In the listing below, every line with the word "shows" needs to be copied.

=== ENTRIES SUPPLIED ===
··········

lemma weak_conv_to_if_wdist_tendsto_0:
  fixes S :: "'x::metric_space set"
  assumes S: "compact S" and \<mu>: "\<And>k. prob_on S (\<mu> k)" and \<nu>: "prob_on S \<nu>"
    and W: "(\<lambda>k. wdist (\<mu> k) \<nu>) \<longlonglongrightarrow> 0"
  shows "weak_conv_to \<mu> \<nu>"
  unfolding weak_conv_to_def
proof (intro allI impI, elim conjE, rule LIMSEQ_I)
  fix f :: "'x \<Rightarrow> real" and r :: real
  assume f: "continuous_on UNIV f" "bounded (range f)" and r: "0 < r"
  obtain L g where L: "0 < L" and g: "L-lipschitz_on UNIV g"
    and approx: "\<And>x. x \<in> S \<Longrightarrow> \<bar>f x - g x\<bar> \<le> r / 3"
    using compact_continuous_on_lipschitz_approx[OF S prob_onD(4)[OF \<nu> S]
        continuous_on_subset[OF f(1)], of "r / 3"] r
    by auto
  have g_S: "L-lipschitz_on S g" using g by (rule lipschitz_on_subset) simp
  have f_g: "\<bar>(\<integral>x. f x \<partial>P) - (\<integral>x. g x \<partial>P)\<bar> \<le> r / 3" if "prob_on S P" for P
    using approx borel_measurable_continuous_onI[OF f(1)] lipschitz_on_UNIV_borel_measurable[OF g]
      bounded_subset[OF f(2) image_mono[OF subset_UNIV]]
      compact_lipschitz_on_bounded_image[OF S g_S]
    by (intro prob_on_abs_integral_diff_le[OF S that]) auto
  have "eventually (\<lambda>k. wdist (\<mu> k) \<nu> < r / 3 / L) sequentially"
    using W r L by (intro order_tendstoD(2)) auto
  then obtain N where N: "\<And>k. N \<le> k \<Longrightarrow> L * wdist (\<mu> k) \<nu> < r / 3"
    unfolding eventually_sequentially using L by (metis mult.commute pos_less_divide_eq)
  show "\<exists>N. \<forall>k\<ge>N. norm ((\<integral>x. f x \<partial>\<mu> k) - (\<integral>x. f x \<partial>\<nu>)) < r"
  proof (intro exI allI impI)
    fix k assume "N \<le> k"
    then have "L * wdist (\<mu> k) \<nu> < r / 3" by (rule N)
    moreover have "\<bar>(\<integral>x. g x \<partial>\<nu>) - (\<integral>x. g x \<partial>\<mu> k)\<bar> \<le> L * wdist (\<mu> k) \<nu>"
      using lipschitz_on_UNIV_borel_measurable[OF g]
      by (intro abs_integral_diff_le_lipschitz_wdist[OF S \<mu> \<nu> L g_S])
    ultimately show "norm ((\<integral>x. f x \<partial>\<mu> k) - (\<integral>x. f x \<partial>\<nu>)) < r"
      using f_g[OF \<mu>[of k]] f_g[OF \<nu>] unfolding real_norm_def abs_le_iff abs_less_iff by linarith
  qed
qed

lemma tendsto_0_if_contraction:
  fixes w :: "nat \<Rightarrow> real"
  assumes "\<And>k. 0 \<le> w k" "\<And>k. w (Suc k) \<le> \<gamma> * w k" "\<gamma> < 1"
  shows "w \<longlonglongrightarrow> 0"
proof -
  define \<gamma>' where "\<gamma>' = max \<gamma> 0"
  have \<gamma>': "0 \<le> \<gamma>'" "\<gamma>' < 1" using assms(3) by (auto simp: \<gamma>'_def)
  have bound: "w k \<le> \<gamma>' ^ k * w 0" for k
  proof (induction k)
    case (Suc k)
    have "w (Suc k) \<le> \<gamma>' * w k"
      using assms(2)[of k] mult_right_mono[OF max.cobounded1[of \<gamma> 0] assms(1)[of k]]
      unfolding \<gamma>'_def by linarith
    also have "\<dots> \<le> \<gamma>' * (\<gamma>' ^ k * w 0)" using Suc \<gamma>'(1) by (rule mult_left_mono)
    finally show ?case by simp
  qed simp
  have "\<forall>k. norm (w k) \<le> \<gamma>' ^ k * w 0" using bound assms(1) by simp
  moreover have "(\<lambda>k. \<gamma>' ^ k * w 0) \<longlonglongrightarrow> 0"
    using \<gamma>' by (intro tendsto_mult_left_zero[OF LIMSEQ_power_zero]) simp
  ultimately show ?thesis by (rule Lim_null_comparison[OF always_eventually])
qed

locale transition_model =
  fixes S :: "'s::euclidean_space set"
    and A :: "'a::euclidean_space set"
    and PZ :: "'z measure"
    and T :: "'s \<Rightarrow> 'a \<Rightarrow> 's measure \<Rightarrow> 'z \<Rightarrow> 's"
    and Q :: "'s \<Rightarrow> 'a measure"
  assumes S_compact: "compact S"
    and A_compact: "compact A"
    and PZ: "prob_space PZ"
    and T_meas: "\<And>\<nu>. prob_on S \<nu> \<Longrightarrow>
        (\<lambda>(x, a, z). T x a \<nu> z) \<in> borel_measurable (borel \<Otimes>\<^sub>M (borel \<Otimes>\<^sub>M PZ))"
    and T_range: "\<And>\<nu> x a z. prob_on S \<nu> \<Longrightarrow> x \<in> S \<Longrightarrow> a \<in> A \<Longrightarrow> z \<in> space PZ \<Longrightarrow>
        T x a \<nu> z \<in> S"
    and Q_prob: "\<And>x. prob_space (Q x) \<and> sets (Q x) = sets borel"
    and Q_A: "\<And>x. x \<in> S \<Longrightarrow> emeasure (Q x) A = 1"
    and Q_meas: "\<And>B. B \<in> sets borel \<Longrightarrow> (\<lambda>x. emeasure (Q x) B) \<in> borel_measurable borel"
begin

text \<open>kernel \<nu> x is the paper's P^Q(\<cdot>|x) with the mean field frozen at \<nu>; the recursion of
  the theorem reads \<mu> (Suc k) = transition (\<mu> k), and next_expectation \<nu> f is the function G \<nu>
  of the proof idea.\<close>
definition kernel :: "'s measure \<Rightarrow> 's \<Rightarrow> 's measure" where
  "kernel \<nu> x = Q x \<bind> (\<lambda>a. distr PZ borel (T x a \<nu>))"

definition transition :: "'s measure \<Rightarrow> 's measure" where
  "transition \<nu> = \<nu> \<bind> kernel \<nu>"

definition action_expectation :: "'s measure \<Rightarrow> ('s \<Rightarrow> real) \<Rightarrow> 's \<Rightarrow> 'a \<Rightarrow> real" where
  "action_expectation \<nu> f x a = (\<integral>z. f (T x a \<nu> z) \<partial>PZ)"

definition next_expectation :: "'s measure \<Rightarrow> ('s \<Rightarrow> real) \<Rightarrow> 's \<Rightarrow> real" where
  "next_expectation \<nu> f x = (\<integral>a. action_expectation \<nu> f x a \<partial>Q x)"

lemma prob_on_Q: "x \<in> S \<Longrightarrow> prob_on A (Q x)"
  using Q_prob Q_A by (simp add: prob_on_def)

lemma measurable_T:
  assumes "prob_on S \<nu>"
  shows "T x a \<nu> \<in> PZ \<rightarrow>\<^sub>M borel"
proof -
  have "(\<lambda>z. (x, a, z)) \<in> PZ \<rightarrow>\<^sub>M borel \<Otimes>\<^sub>M (borel \<Otimes>\<^sub>M PZ)" by measurable
  from measurable_compose[OF this T_meas[OF assms]] show ?thesis by simp
qed

lemma measurable_distr_T:
  assumes "prob_on S \<nu>"
  shows "(\<lambda>p. distr PZ borel (T (fst p) (snd p) \<nu>)) \<in> borel \<Otimes>\<^sub>M borel \<rightarrow>\<^sub>M subprob_algebra borel"
proof -
  have "(\<lambda>w. (fst (fst w), snd (fst w), snd w))
      \<in> (borel \<Otimes>\<^sub>M borel) \<Otimes>\<^sub>M PZ \<rightarrow>\<^sub>M borel \<Otimes>\<^sub>M (borel \<Otimes>\<^sub>M PZ)"
    by measurable
  from measurable_compose[OF this T_meas[OF assms]]
  have "(\<lambda>(p, z). T (fst p) (snd p) \<nu> z) \<in> (borel \<Otimes>\<^sub>M borel) \<Otimes>\<^sub>M PZ \<rightarrow>\<^sub>M borel"
    by (simp add: case_prod_beta')
  moreover have "(\<lambda>_. PZ) \<in> borel \<Otimes>\<^sub>M borel \<rightarrow>\<^sub>M subprob_algebra PZ"
    by (rule measurable_const) (simp add: space_subprob_algebra PZ prob_space_imp_subprob_space)
  ultimately show ?thesis by (rule measurable_distr2)
qed

lemma measurable_distr_T_action:
  assumes "prob_on S \<nu>" "sets M = sets borel"
  shows "(\<lambda>a. distr PZ borel (T x a \<nu>)) \<in> M \<rightarrow>\<^sub>M subprob_algebra borel"
proof -
  have "(\<lambda>a. (x, a)) \<in> borel \<rightarrow>\<^sub>M borel \<Otimes>\<^sub>M borel" by measurable
  from measurable_compose[OF this measurable_distr_T[OF assms(1)]]
  show ?thesis by (subst measurable_cong_sets[OF assms(2) refl]) simp
qed

lemma measurable_kernel:
  assumes "prob_on S \<nu>" "sets M = sets borel"
  shows "kernel \<nu> \<in> M \<rightarrow>\<^sub>M subprob_algebra borel"
proof -
  have "Q \<in> borel \<rightarrow>\<^sub>M subprob_algebra borel"
    by (rule measurable_subprob_algebra) (auto simp: Q_prob prob_space_imp_subprob_space Q_meas)
  then have "(\<lambda>x. Q x \<bind> (\<lambda>a. distr PZ borel (T x a \<nu>))) \<in> borel \<rightarrow>\<^sub>M subprob_algebra borel"
    by (rule measurable_bind) (use measurable_distr_T[OF assms(1)] in simp)
  then show ?thesis
    unfolding kernel_def[abs_def] by (subst measurable_cong_sets[OF assms(2) refl]) simp
qed

lemma sets_transition: "prob_on S \<nu> \<Longrightarrow> sets (transition \<nu>) = sets borel"
  unfolding transition_def
  by (intro sets_bind_measurable[OF measurable_kernel] prob_on_space_nonempty)
    (auto simp: prob_on_def)

lemma emeasure_transition:
  assumes \<nu>: "prob_on S \<nu>" and B: "B \<in> sets borel"
  shows "emeasure (transition \<nu>) B =
    (\<integral>\<^sup>+ x. (\<integral>\<^sup>+ a. emeasure PZ {z \<in> space PZ. T x a \<nu> z \<in> B} \<partial>Q x) \<partial>\<nu>)"
proof -
  have "emeasure (transition \<nu>) B = (\<integral>\<^sup>+ x. emeasure (kernel \<nu> x) B \<partial>\<nu>)"
    unfolding transition_def using \<nu>
    by (intro emeasure_bind[OF _ measurable_kernel[OF \<nu>] B] prob_on_space_nonempty)
      (auto simp: prob_on_def)
  also have "\<dots> = (\<integral>\<^sup>+ x. (\<integral>\<^sup>+ a. emeasure PZ {z \<in> space PZ. T x a \<nu> z \<in> B} \<partial>Q x) \<partial>\<nu>)"
  proof (rule nn_integral_cong)
    fix x
    have "emeasure (kernel \<nu> x) B = (\<integral>\<^sup>+ a. emeasure (distr PZ borel (T x a \<nu>)) B \<partial>Q x)"
      unfolding kernel_def using Q_prob[of x] prob_space.not_empty
      by (intro emeasure_bind[OF _ measurable_distr_T_action[OF \<nu>] B]) auto
    also have "\<dots> = (\<integral>\<^sup>+ a. emeasure PZ {z \<in> space PZ. T x a \<nu> z \<in> B} \<partial>Q x)"
      using measurable_T[OF \<nu>] B by (simp add: emeasure_distr vimage_def Int_def conj_commute)
    finally show "emeasure (kernel \<nu> x) B = \<dots>" .
  qed
  finally show ?thesis .
qed

lemma transition_eqI:
  assumes \<nu>: "prob_on S \<nu>" and M: "sets M = sets borel"
    and eq: "\<And>B. B \<in> sets borel \<Longrightarrow> emeasure M B =
      (\<integral>\<^sup>+ x. (\<integral>\<^sup>+ a. emeasure PZ {z \<in> space PZ. T x a \<nu> z \<in> B} \<partial>Q x) \<partial>\<nu>)"
  shows "M = transition \<nu>"
  using M sets_transition[OF \<nu>] eq emeasure_transition[OF \<nu>] by (intro measure_eqI) auto

lemma prob_on_transition:
  assumes \<nu>: "prob_on S \<nu>"
  shows "prob_on S (transition \<nu>)"
proof -
  interpret prob_space \<nu> using prob_onD(1)[OF \<nu> S_compact] .
  have full: "emeasure (transition \<nu>) B = 1" if B: "B \<in> sets borel" "S \<subseteq> B" for B
  proof -
    have "(\<integral>\<^sup>+ a. emeasure PZ {z \<in> space PZ. T x a \<nu> z \<in> B} \<partial>Q x) = 1" if x: "x \<in> S" for x
    proof -
      interpret Qx: prob_space "Q x" using Q_prob by simp
      have "AE a in Q x. emeasure PZ {z \<in> space PZ. T x a \<nu> z \<in> B} = 1"
        using prob_onD(3)[OF prob_on_Q[OF x] A_compact]
      proof eventually_elim
        case (elim a)
        then have "{z \<in> space PZ. T x a \<nu> z \<in> B} = space PZ" using T_range[OF \<nu> x] B(2) by auto
        then show ?case using prob_space.emeasure_space_1[OF PZ] by simp
      qed
      then have "(\<integral>\<^sup>+ a. emeasure PZ {z \<in> space PZ. T x a \<nu> z \<in> B} \<partial>Q x) = (\<integral>\<^sup>+ a. 1 \<partial>Q x)"
        by (rule nn_integral_cong_AE)
      then show ?thesis using Qx.emeasure_space_1 by simp
    qed
    with prob_onD(3)[OF \<nu> S_compact]
    have "AE x in \<nu>. (\<integral>\<^sup>+ a. emeasure PZ {z \<in> space PZ. T x a \<nu> z \<in> B} \<partial>Q x) = 1" by auto
    then have "emeasure (transition \<nu>) B = (\<integral>\<^sup>+ x. 1 \<partial>\<nu>)"
      unfolding emeasure_transition[OF \<nu> B(1)] by (rule nn_integral_cong_AE)
    then show ?thesis using emeasure_space_1 by simp
  qed
  have "space (transition \<nu>) = UNIV" using sets_eq_imp_space_eq[OF sets_transition[OF \<nu>]] by simp
  then have "prob_space (transition \<nu>)" using full[of UNIV] by (intro prob_spaceI) auto
  then show ?thesis using sets_transition[OF \<nu>] full[of S] S_compact
    by (auto simp: prob_on_def intro: borel_closed compact_imp_closed)
qed

lemma borel_measurable_action_expectation:
  assumes "prob_on S \<nu>" "f \<in> borel_measurable borel" "sets M = sets borel"
  shows "action_expectation \<nu> f x \<in> borel_measurable M"
proof -
  have "(\<lambda>a. integral\<^sup>L (distr PZ borel (T x a \<nu>)) f) \<in> borel_measurable M"
    using measurable_compose[OF measurable_distr_T_action[OF assms(1,3)]
        integral_measurable_subprob_algebra[OF assms(2)]] by simp
  then show ?thesis
    unfolding action_expectation_def[abs_def]
    by (simp add: integral_distr[OF measurable_T[OF assms(1)] assms(2)])
qed

lemma abs_action_expectation_le:
  assumes "prob_on S \<nu>" "f \<in> borel_measurable borel" "\<And>y. \<bar>f y\<bar> \<le> c"
  shows "\<bar>action_expectation \<nu> f x a\<bar> \<le> c"
  unfolding action_expectation_def using assms(3)
  by (intro prob_space_abs_integral_le[OF PZ]
      measurable_compose[OF measurable_T[OF assms(1)] assms(2)]) auto

lemma integral_kernel:
  assumes \<nu>: "prob_on S \<nu>" and f: "f \<in> borel_measurable borel" "\<And>y. \<bar>f y\<bar> \<le> c"
  shows "integral\<^sup>L (kernel \<nu> x) f = next_expectation \<nu> f x"
proof -
  interpret Qx: prob_space "Q x" using Q_prob by simp
  have D: "(\<lambda>a. distr PZ borel (T x a \<nu>)) \<in> Q x \<rightarrow>\<^sub>M subprob_algebra borel"
    using Q_prob by (intro measurable_distr_T_action[OF \<nu>]) simp
  have "integral\<^sup>L (kernel \<nu> x) f = (\<integral>a. integral\<^sup>L (distr PZ borel (T x a \<nu>)) f \<partial>Q x)"
    unfolding kernel_def
    using f subprob_space.emeasure_space_le_1[OF subprob_space_kernel[OF D]]
    by (intro integral_bind[OF f(1) _ D Qx.finite_measure_axioms, where B'=1]) auto
  then show ?thesis
    by (simp add: next_expectation_def action_expectation_def
        integral_distr[OF measurable_T[OF \<nu>] f(1)])
qed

··········

=== EXERCISE RESULT ===
  shows "weak_conv_to \<mu> \<nu>"
  shows "w \<longlonglongrightarrow> 0"
  shows "T x a \<nu> \<in> PZ \<rightarrow>\<^sub>M borel"
  shows "(\<lambda>p. distr PZ borel (T (fst p) (snd p) \<nu>)) \<in> borel \<Otimes>\<^sub>M borel \<rightarrow>\<^sub>M subprob_algebra borel"
  shows "(\<lambda>a. distr PZ borel (T x a \<nu>)) \<in> M \<rightarrow>\<^sub>M subprob_algebra borel"
  shows "kernel \<nu> \<in> M \<rightarrow>\<^sub>M subprob_algebra borel"
  shows "emeasure (transition \<nu>) B =
  shows "M = transition \<nu>"
  shows "prob_on S (transition \<nu>)"
  shows "action_expectation \<nu> f x \<in> borel_measurable M"
  shows "\<bar>action_expectation \<nu> f x a\<bar> \<le> c"
  shows "integral\<^sup>L (kernel \<nu> x) f = next_expectation \<nu> f x"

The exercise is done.